- Czekam jeszcze na zgodę światowej federacji FIS na moje występy w barwach Niemiec - mówi "Super Expressowi" Ligocka-Andrzjewska. - Związek niemiecki też czeka na zezwolenie FIS, by powołać mnie do kadry i objąć szkoleniem oraz opieką medyczną. Mam nadzieję wznowić treningi w grudniu, po operacji kolana, którą przeszłam. A mieszkam i będę mieszkać w Polsce.
- Jest pani wciąż przekonana, że to była dobra decyzja?
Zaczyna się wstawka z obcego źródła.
lemma push_forward_bracket:
  assumes "Y \<in> VX Xh" "Z \<in> VX Xh"
  shows "push_forward F (lie_bracket Y Z) = lie_bracket (push_forward F Y) (push_forward F Z)"
  using push_forward_related[OF assms(1)] push_forward_related[OF assms(2)] assms
  by (intro push_forward_eq[OF dense] smooth_bracket smooth_VX[OF X] related_bracket[OF F] smooth_VX[OF Xh])

text \<open>Every element of Lie(X^t) is a push-forward, since the generators X^t are.\<close>

lemma push_forward_onto: "Y \<in> VX X \<Longrightarrow> Y \<in> push_forward F ` VX Xh"
  unfolding VX_def
proof (induction Y rule: lie_gen.induct)
  case (base Y)
  then obtain t where "Y = push_forward F (Xh t)" using push_forward_generator by auto
  then show ?case by (blast intro: lie_gen.base)
next
  case zero
  have "push_forward F (\<lambda>x. 0) = (\<lambda>x. 0)" by (rule push_forward_eq[OF dense smooth_const related_zero[OF F]])
  then show ?case unfolding VX_def by (metis image_eqI lie_gen.zero)
next
  case (add Y Z)
  then obtain Y' Z' where "Y' \<in> VX Xh" "Z' \<in> VX Xh" "Y = push_forward F Y'" "Z = push_forward F Z'"
    unfolding VX_def by blast
  moreover have "(\<lambda>x. Y' x + Z' x) \<in> VX Xh" using calculation unfolding VX_def by (intro lie_gen.add)
  moreover have "(\<lambda>x. Y x + Z x) = push_forward F (\<lambda>x. Y' x + Z' x)"
    using calculation push_forward_lin[of Y' Z' 1 1] by simp
  ultimately show ?case unfolding VX_def by (intro rev_image_eqI)
next
  case (scale Y c)
  then obtain Y' where "Y' \<in> VX Xh" "Y = push_forward F Y'" unfolding VX_def by blast
  moreover have "(\<lambda>x. c *\<^sub>R Y' x) \<in> VX Xh" using calculation unfolding VX_def by (intro lie_gen.scale)
  moreover have "(\<lambda>x. c *\<^sub>R Y x) = push_forward F (\<lambda>x. c *\<^sub>R Y' x)"
    using calculation push_forward_lin[of Y' Y' c 0] by simp
  ultimately show ?case unfolding VX_def by (intro rev_image_eqI)
next
  case (bracket Y Z)
  then obtain Y' Z' where "Y' \<in> VX Xh" "Z' \<in> VX Xh" "Y = push_forward F Y'" "Z = push_forward F Z'"
    unfolding VX_def by blast
  moreover have "lie_bracket Y' Z' \<in> VX Xh" using calculation unfolding VX_def by (intro lie_gen.bracket)
  moreover have "lie_bracket Y Z = push_forward F (lie_bracket Y' Z')"
    using calculation push_forward_bracket[of Y' Z'] by simp
  ultimately show ?case unfolding VX_def by (intro rev_image_eqI)
qed

theorem push_forward_lie_epimorphism: "lie_epimorphism (push_forward F) (VX Xh) (VX X)"
  unfolding lie_epimorphism_def
  using push_forward_lin push_forward_bracket push_forward_related(1) push_forward_onto by blast

end

section \<open>The direct product of Lie systems is a Lie system\<close>

definition block_proj :: "('N::finite \<Rightarrow> nat) \<Rightarrow> nat \<Rightarrow> real^'N \<Rightarrow> real^'N" where
  "block_proj blk a x = (\<chi> j. if blk j = a then x $ j else 0)"

lemma linear_block_proj: "linear (block_proj blk a)"
  unfolding block_proj_def by (rule linearI) (simp_all add: vec_eq_iff)

lemma block_proj_idem: "block_proj blk a (block_proj blk a x) = block_proj blk a x"
  unfolding block_proj_def by (simp add: vec_eq_iff)

lemma block_proj_orthogonal: "a \<noteq> b \<Longrightarrow> block_proj blk b (block_proj blk a x) = 0"
  unfolding block_proj_def by (simp add: vec_eq_iff)

definition block_field :: "('N::finite \<Rightarrow> nat) \<Rightarrow> nat \<Rightarrow> (real^'N \<Rightarrow> real^'N) \<Rightarrow> bool" where
  "block_field blk a Y \<longleftrightarrow>
     (\<forall>x. block_proj blk a (Y x) = Y x) \<and> (\<forall>x. Y x = Y (block_proj blk a x))"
- Tak, bo w polskim związku nikomu na mnie nie zależy, od lata nikt się do mnie nie odezwał. Nie widziałam możliwości rozwijania w Polsce kariery, skoro kadra olimpijska została zredukowana do dwóch osób i to beze mnie. A na moje tegoroczne przygotowania oferowano tylko 20 tysięcy złotych. Ale nie wybieram Niemiec dla pieniędzy.
- A dlaczego?
- Żeby móc normalnie trenować. Chcę kontynuować karierę, jestem mocno zmotywowana, aby jeszcze odnosić sukcesy. A wspierają mnie w tym mój ojciec i trener w jednej osobie oraz mąż, instruktor snowboardu.
- I zapewne marzy się pani medal olimpijski, po dwóch nieudanych podejściach...
- Taki medal marzy się każdemu sportowcowi. Mnie oczywiście także.